Materials provided Block Start

(* Let $\mathcal{R}=\{z\in\mathbb{C}:\Re(z)>0\}$ and let $\Phi:\mathcal{R}\to\mathbb{C}$ be analytic and satisfy: (a) for all $0<a<b<\infty$, $\lim_{y\to\pm\infty} e^{-\pi|y|}\int_a^b\left|\frac{\Phi(x+iy)}{x+iy}\right|\mathrm{d}x=0$; (b) for every $\eta>0$, $\sup_{x\ge\eta}\int_{-\infty}^\infty\left|\frac{\Phi(x+iy)}{x+iy}\right|e^{-\pi|y|}\,\mathrm{d}y<\infty$; (c) $\lim_{x\to\infty}\int_{-\infty}^\infty\left|\frac{\Phi(x+iy)}{x+iy}\right|e^{-\pi|y|}\,\mathrm{d}y=0$. Let $\beta>0$ with $\beta-\frac12\notin\mathbb{Z}$, and for $z$ with $|\Re(z)|\ne\beta$ define $$I(\beta,\Phi;z)=\frac{1}{2\pi i}\int_{\beta-i\infty}^{\beta+i\infty}\left(\frac{\cos\pi z}{\cos\pi w}\right)\left(\frac{2w}{z^2-w^2}\right)\Phi(w)\,\mathrm{d}w,$$ and $B(\beta,\Phi)=\frac{2}{\pi}\int_{-\infty}^{\infty}\left|\frac{\Phi(\beta+iv)}{\beta+iv}\right|e^{-\pi|v|}\,\mathrm{d}v$. Then for every $z=x+iy$ with $|x|\ne\beta$, $$|I(\beta,\Phi;z)|\le B(\beta,\Phi)\,|\sec\pi\beta|\left(1+\frac{|z|}{\bigl||x|-\beta\bigr|}\right)e^{\pi|y|}.$$
   Context: Under the hypotheses the integrand defining $I(\beta,\Phi;z)$ is integrable along the line $\Re(w)=\beta$. *)

theory Defs
  imports "HOL-Analysis.Analysis"
begin

definition right_half_plane :: "complex set" where
  "right_half_plane = {z. Re z > 0}"

text \<open>I(beta, Phi; z) = 1/(2 pi i) times the integral over the vertical line Re w = beta,
  parametrised as w = beta + i t, dw = i dt, t ranging over the reals (Lebesgue measure).\<close>
definition I_int :: "real \<Rightarrow> (complex \<Rightarrow> complex) \<Rightarrow> complex \<Rightarrow> complex" where
  "I_int \<beta> \<Phi> z =
     1 / (2 * of_real pi * \<i>) *
     (LINT t|lborel.
        (let w = Complex \<beta> t in
           (cos (of_real pi * z) / cos (of_real pi * w)) * (2 * w / (z\<^sup>2 - w\<^sup>2)) * \<Phi> w * \<i>))"

definition B_const :: "real \<Rightarrow> (complex \<Rightarrow> complex) \<Rightarrow> real" where
  "B_const \<beta> \<Phi> =
     2 / pi * (LINT v|lborel. cmod (\<Phi> (Complex \<beta> v) / Complex \<beta> v) * exp (- pi * \<bar>v\<bar>))"

end

theory Submission
  imports Defs
begin

text \<open>On the line \<open>w = \<beta> + it\<close> the integrand is estimated pointwise:
  \<open>|cos \<pi>z| \<le> e\<^bsup>\<pi>|Im z|\<^esup>\<close>, \<open>|cos \<pi>w| \<ge> |cos \<pi>\<beta>| e\<^bsup>\<pi>|t|\<^esup>/2\<close>, and
  \<open>|2w\<^sup>2/(z\<^sup>2 - w\<^sup>2)| \<le> 2(1 + |z|/||Re z| - \<beta>|)\<close> since \<open>|z - w|\<close> and \<open>|z + w|\<close> are both at
  least \<open>||Re z| - \<beta>|\<close>. Integrating against \<open>|\<Phi>(w)/w| e\<^bsup>-\<pi>|t|\<^esup>\<close>, which is integrable by
  hypothesis (b) at \<open>x = \<beta>\<close>, gives the bound.\<close>

lemma norm_cos_ge_half_exp_abs_Im:
  fixes w :: complex
  shows "\<bar>cos (Re w)\<bar> * exp \<bar>Im w\<bar> / 2 \<le> norm (cos w)"
proof -
  define u where "u = exp (Im w)"
  have u_pos: "u > 0" by (simp add: u_def)
  have "exp \<bar>Im w\<bar> \<le> u + inverse u"
    using u_pos by (cases "Im w \<ge> 0") (simp_all add: u_def exp_minus)
  then have "exp \<bar>Im w\<bar> ^ 2 \<le> (u + inverse u) ^ 2"
    by (intro power_mono) auto
  also have "\<dots> = 4 + (u - inverse u) ^ 2"
    using u_pos by (simp add: power2_eq_square field_simps)
  finally have exp_sq: "exp \<bar>Im w\<bar> ^ 2 / 4 \<le> 1 + (u - inverse u) ^ 2 / 4"
    by simp
  have cos_sq: "cos (Re w) ^ 2 \<le> 1"
    by (simp add: abs_square_le_1)
  have "(\<bar>cos (Re w)\<bar> * exp \<bar>Im w\<bar> / 2) ^ 2 = cos (Re w) ^ 2 * (exp \<bar>Im w\<bar> ^ 2 / 4)"
    by (simp add: power_mult_distrib power_divide)
  also have "\<dots> \<le> cos (Re w) ^ 2 * (1 + (u - inverse u) ^ 2 / 4)"
    using exp_sq by (intro mult_left_mono) auto
  also have "\<dots> \<le> cos (Re w) ^ 2 + (u - inverse u) ^ 2 / 4"
    using mult_right_mono[OF cos_sq, of "(u - inverse u) ^ 2 / 4"] by (simp add: algebra_simps)
  also have "\<dots> = norm (cos w) ^ 2"
    by (simp add: norm_cos_squared u_def)
  finally show ?thesis
    by (rule power2_le_imp_le) simp
qed

lemma cos_pi_times_neq_0:
  fixes x :: real
  assumes "x - 1/2 \<notin> \<int>"
  shows "cos (pi * x) \<noteq> 0"
proof
  assume "cos (pi * x) = 0"
  then obtain n :: int where "pi * x = n * pi + pi / 2"
    by (auto simp: cos_zero_iff_int2)
  then have "pi * x = pi * (of_int n + 1/2)"
    by (simp add: algebra_simps)
  then have "x - 1/2 = of_int n"
    using pi_gt_zero by (metis diff_add_cancel mult_cancel_left less_irrefl add_diff_cancel_right')
  with assms show False
    by (metis Ints_of_int)
qed

lemma norm_double_square_div_diff_squares_le:
  fixes z w :: complex and d :: real
  assumes "d > 0" "d \<le> \<bar>Re z - Re w\<bar>" "d \<le> \<bar>Re z + Re w\<bar>"
  shows "norm (2 * w * w / (z\<^sup>2 - w\<^sup>2)) \<le> 2 * (1 + norm z / d)"
proof -
  have dist_minus: "d \<le> norm (z - w)" and dist_plus: "d \<le> norm (z + w)"
    using assms abs_Re_le_cmod[of "z - w"] abs_Re_le_cmod[of "z + w"] by auto
  then have "z - w \<noteq> 0" "z + w \<noteq> 0"
    using assms(1) by auto
  then have "2 * w * w / (z\<^sup>2 - w\<^sup>2) = -2 + z / (z - w) + z / (z + w)"
    by (simp add: power2_eq_square field_simps)
  also have "norm \<dots> \<le> 2 + norm z / norm (z - w) + norm z / norm (z + w)"
    using norm_triangle_ineq[of "-2 + z / (z - w)" "z / (z + w)"] norm_triangle_ineq[of "-2" "z / (z - w)"]
    by (simp add: norm_divide)
  also have "\<dots> \<le> 2 + norm z / d + norm z / d"
    using assms(1) dist_minus dist_plus
    by (intro add_mono divide_left_mono) (auto intro!: mult_pos_pos)
  finally show ?thesis
    by simp
qed

text \<open>No integrability of \<open>f\<close> is assumed: if it fails, the integral of \<open>f\<close> is \<open>0\<close>.\<close>

lemma norm_integral_le_mult_integral:
  fixes f :: "real \<Rightarrow> 'a::{banach,second_countable_topology}"
  assumes "integrable lborel g" "\<And>t. g t \<ge> 0" "K \<ge> 0" "\<And>t. norm (f t) \<le> K * g t"
  shows "norm (LINT t|lborel. f t) \<le> K * (LINT t|lborel. g t)"
proof (cases "integrable lborel f")
  case True
  then have "norm (LINT t|lborel. f t) \<le> (LINT t|lborel. K * g t)"
    by (rule Bochner_Integration.integral_norm_bound_integral) (use True assms in auto)
  then show ?thesis
    by simp
next
  case False
  then show ?thesis
    using assms by (simp add: not_integrable_integral_eq integral_nonneg_AE)
qed

lemma integrable_line_weight:
  fixes \<Phi> :: "complex \<Rightarrow> complex" and \<beta> :: real
  assumes "continuous_on right_half_plane \<Phi>" "\<beta> > 0"
    and "(\<integral>\<^sup>+ v. ennreal (cmod (\<Phi> (Complex \<beta> v) / Complex \<beta> v) * exp (- pi * \<bar>v\<bar>)) \<partial>lborel) < \<infinity>"
  shows "integrable lborel (\<lambda>v. cmod (\<Phi> (Complex \<beta> v) / Complex \<beta> v) * exp (- pi * \<bar>v\<bar>))"
proof (subst integrable_iff_bounded, intro conjI)
  have line: "continuous_on UNIV (Complex \<beta>)"
    unfolding Complex_eq by (intro continuous_intros)
  have "continuous_on UNIV (\<lambda>v. \<Phi> (Complex \<beta> v))"
    using assms(2) by (intro continuous_on_compose2[OF assms(1) line]) (auto simp: right_half_plane_def)
  then have "continuous_on UNIV (\<lambda>v. cmod (\<Phi> (Complex \<beta> v) / Complex \<beta> v) * exp (- pi * \<bar>v\<bar>))"
    using assms(2) by (intro continuous_intros line) (auto simp: complex_eq_iff)
  then show "(\<lambda>v. cmod (\<Phi> (Complex \<beta> v) / Complex \<beta> v) * exp (- pi * \<bar>v\<bar>)) \<in> borel_measurable lborel"
    by (simp add: borel_measurable_continuous_onI)
  show "(\<integral>\<^sup>+ v. ennreal (norm (cmod (\<Phi> (Complex \<beta> v) / Complex \<beta> v) * exp (- pi * \<bar>v\<bar>))) \<partial>lborel) < \<infinity>"
    using assms(3) by simp
qed

lemma norm_cos_kernel_le:
  fixes z w :: complex
  assumes "Re w > 0" "cos (pi * Re w) \<noteq> 0" "\<bar>Re z\<bar> \<noteq> Re w"
  shows "norm (cos (pi * z) / cos (pi * w) * (2 * w * w / (z\<^sup>2 - w\<^sup>2)))
    \<le> 4 * \<bar>1 / cos (pi * Re w)\<bar> * (1 + norm z / \<bar>\<bar>Re z\<bar> - Re w\<bar>) * exp (pi * \<bar>Im z\<bar>)
        * exp (- pi * \<bar>Im w\<bar>)"
proof -
  have num: "norm (cos (pi * z)) \<le> exp (pi * \<bar>Im z\<bar>)"
    using cmod_cos_le_exp[of 1 "pi * z"] by (simp add: abs_mult)
  have lower: "\<bar>cos (pi * Re w)\<bar> * exp (pi * \<bar>Im w\<bar>) / 2 \<le> norm (cos (pi * w))"
    using norm_cos_ge_half_exp_abs_Im[of "pi * w"] by (simp add: abs_mult)
  have "1 / norm (cos (pi * w)) \<le> 1 / (\<bar>cos (pi * Re w)\<bar> * exp (pi * \<bar>Im w\<bar>) / 2)"
    using lower assms(2) by (intro divide_left_mono) (auto intro!: mult_pos_pos order.strict_trans2[OF _ lower])
  also have "\<dots> = 2 * \<bar>1 / cos (pi * Re w)\<bar> * exp (- pi * \<bar>Im w\<bar>)"
    by (simp add: exp_minus field_simps abs_divide)
  finally have den: "1 / norm (cos (pi * w)) \<le> 2 * \<bar>1 / cos (pi * Re w)\<bar> * exp (- pi * \<bar>Im w\<bar>)" .
  have rat: "norm (2 * w * w / (z\<^sup>2 - w\<^sup>2)) \<le> 2 * (1 + norm z / \<bar>\<bar>Re z\<bar> - Re w\<bar>)"
    using assms(1,3) by (intro norm_double_square_div_diff_squares_le) (auto simp: abs_if)
  have "norm (cos (pi * z) / cos (pi * w) * (2 * w * w / (z\<^sup>2 - w\<^sup>2)))
      = norm (cos (pi * z)) * (1 / norm (cos (pi * w))) * norm (2 * w * w / (z\<^sup>2 - w\<^sup>2))"
    by (simp add: norm_mult norm_divide)
  also have "\<dots> \<le> exp (pi * \<bar>Im z\<bar>) * (2 * \<bar>1 / cos (pi * Re w)\<bar> * exp (- pi * \<bar>Im w\<bar>))
      * (2 * (1 + norm z / \<bar>\<bar>Re z\<bar> - Re w\<bar>))"
    using num den rat by (intro mult_mono) auto
  also have "\<dots> = 4 * \<bar>1 / cos (pi * Re w)\<bar> * (1 + norm z / \<bar>\<bar>Re z\<bar> - Re w\<bar>) * exp (pi * \<bar>Im z\<bar>)
        * exp (- pi * \<bar>Im w\<bar>)"
    by (simp only: ac_simps)
  finally show ?thesis .
qed

lemma norm_line_integrand_le:
  fixes \<Phi> :: "complex \<Rightarrow> complex" and \<beta> t :: real and z :: complex
  assumes "\<beta> > 0" "cos (pi * \<beta>) \<noteq> 0" "\<bar>Re z\<bar> \<noteq> \<beta>"
  shows "norm (let w = Complex \<beta> t in
      cos (pi * z) / cos (pi * w) * (2 * w / (z\<^sup>2 - w\<^sup>2)) * \<Phi> w * \<i>)
    \<le> 4 * \<bar>1 / cos (pi * \<beta>)\<bar> * (1 + cmod z / \<bar>\<bar>Re z\<bar> - \<beta>\<bar>) * exp (pi * \<bar>Im z\<bar>)
        * (cmod (\<Phi> (Complex \<beta> t) / Complex \<beta> t) * exp (- pi * \<bar>t\<bar>))"
proof -
  define w where "w = Complex \<beta> t"
  have w: "Re w = \<beta>" "Im w = t" "w \<noteq> 0"
    using assms(1) by (simp_all add: w_def complex_eq_iff)
  have "norm (cos (pi * z) / cos (pi * w) * (2 * w / (z\<^sup>2 - w\<^sup>2)) * \<Phi> w * \<i>)
      = norm (cos (pi * z) / cos (pi * w) * (2 * w * w / (z\<^sup>2 - w\<^sup>2))) * norm (\<Phi> w / w)"
    using w(3) by (simp add: norm_mult norm_divide)
  also have "\<dots> \<le> 4 * \<bar>1 / cos (pi * \<beta>)\<bar> * (1 + cmod z / \<bar>\<bar>Re z\<bar> - \<beta>\<bar>) * exp (pi * \<bar>Im z\<bar>)
        * exp (- pi * \<bar>t\<bar>) * norm (\<Phi> w / w)"
    using norm_cos_kernel_le[of w z] assms by (intro mult_right_mono) (simp_all add: w)
  finally show ?thesis
    by (simp only: w_def Let_def mult_ac)
qed

theorem lemma3p2:
  fixes \<Phi> :: "complex \<Rightarrow> complex" and \<beta> :: real and z :: complex
  assumes analytic: "\<Phi> analytic_on right_half_plane"
    and cond_a: "\<And>a b. 0 < a \<Longrightarrow> a < b \<Longrightarrow>
        ((\<lambda>y. exp (- pi * \<bar>y\<bar>) * (LBINT x:{a..b}. cmod (\<Phi> (Complex x y) / Complex x y)))
           \<longlongrightarrow> 0) at_top \<and>
        ((\<lambda>y. exp (- pi * \<bar>y\<bar>) * (LBINT x:{a..b}. cmod (\<Phi> (Complex x y) / Complex x y)))
           \<longlongrightarrow> 0) at_bot"
    and cond_b: "\<And>\<eta>. 0 < \<eta> \<Longrightarrow>
        (SUP x\<in>{\<eta>..}. \<integral>\<^sup>+ y. ennreal (cmod (\<Phi> (Complex x y) / Complex x y) * exp (- pi * \<bar>y\<bar>)) \<partial>lborel) < \<infinity>"
    and cond_c: "((\<lambda>x. \<integral>\<^sup>+ y. ennreal (cmod (\<Phi> (Complex x y) / Complex x y) * exp (- pi * \<bar>y\<bar>)) \<partial>lborel)
           \<longlongrightarrow> 0) at_top"
    and beta_pos: "\<beta> > 0"
    and beta_half: "\<beta> - 1/2 \<notin> \<int>"
    and z_off: "\<bar>Re z\<bar> \<noteq> \<beta>"
  shows "cmod (I_int \<beta> \<Phi> z) \<le>
           B_const \<beta> \<Phi> * \<bar>1 / cos (pi * \<beta>)\<bar> *
           (1 + cmod z / \<bar>\<bar>Re z\<bar> - \<beta>\<bar>) * exp (pi * \<bar>Im z\<bar>)"
proof -
  let ?h = "\<lambda>v. cmod (\<Phi> (Complex \<beta> v) / Complex \<beta> v) * exp (- pi * \<bar>v\<bar>)"
  define K where "K = 4 * \<bar>1 / cos (pi * \<beta>)\<bar> * (1 + cmod z / \<bar>\<bar>Re z\<bar> - \<beta>\<bar>) * exp (pi * \<bar>Im z\<bar>)"
  have cos_ne: "cos (pi * \<beta>) \<noteq> 0"
    using beta_half by (rule cos_pi_times_neq_0)
  have "(\<integral>\<^sup>+ v. ennreal (?h v) \<partial>lborel) < \<infinity>"
    using cond_b[OF beta_pos] by (rule order.strict_trans1[rotated]) (rule SUP_upper, simp)
  then have h_int: "integrable lborel ?h"
    using analytic beta_pos
    by (intro integrable_line_weight holomorphic_on_imp_continuous_on analytic_imp_holomorphic)
  have "cmod (I_int \<beta> \<Phi> z) = norm (LINT t|lborel. (let w = Complex \<beta> t in
      cos (pi * z) / cos (pi * w) * (2 * w / (z\<^sup>2 - w\<^sup>2)) * \<Phi> w * \<i>)) / (2 * pi)"
    by (simp add: I_int_def norm_mult norm_divide)
  also have "\<dots> \<le> K * (LINT v|lborel. ?h v) / (2 * pi)"
    using h_int norm_line_integrand_le[OF beta_pos cos_ne z_off]
    by (intro divide_right_mono norm_integral_le_mult_integral) (auto simp: K_def)
  also have "\<dots> = B_const \<beta> \<Phi> * \<bar>1 / cos (pi * \<beta>)\<bar> *
      (1 + cmod z / \<bar>\<bar>Re z\<bar> - \<beta>\<bar>) * exp (pi * \<bar>Im z\<bar>)"
    using cos_ne z_off by (simp add: K_def B_const_def field_simps)
  finally show ?thesis .
qed

end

Materials provided Block End

→ **Requirement**: Everything above from the line containing "using assms(1,3) by" down to the line containing "t :: real and z :: complex" is to be transcribed exactly, with both of those lines included and nothing else added.

→ **Result of the task**:
    using assms(1,3) by (intro norm_double_square_div_diff_squares_le) (auto simp: abs_if)
  have "norm (cos (pi * z) / cos (pi * w) * (2 * w * w / (z\<^sup>2 - w\<^sup>2)))
      = norm (cos (pi * z)) * (1 / norm (cos (pi * w))) * norm (2 * w * w / (z\<^sup>2 - w\<^sup>2))"
    by (simp add: norm_mult norm_divide)
  also have "\<dots> \<le> exp (pi * \<bar>Im z\<bar>) * (2 * \<bar>1 / cos (pi * Re w)\<bar> * exp (- pi * \<bar>Im w\<bar>))
      * (2 * (1 + norm z / \<bar>\<bar>Re z\<bar> - Re w\<bar>))"
    using num den rat by (intro mult_mono) auto
  also have "\<dots> = 4 * \<bar>1 / cos (pi * Re w)\<bar> * (1 + norm z / \<bar>\<bar>Re z\<bar> - Re w\<bar>) * exp (pi * \<bar>Im z\<bar>)
        * exp (- pi * \<bar>Im w\<bar>)"
    by (simp only: ac_simps)
  finally show ?thesis .
qed

lemma norm_line_integrand_le:
  fixes \<Phi> :: "complex \<Rightarrow> complex" and \<beta> t :: real and z :: complex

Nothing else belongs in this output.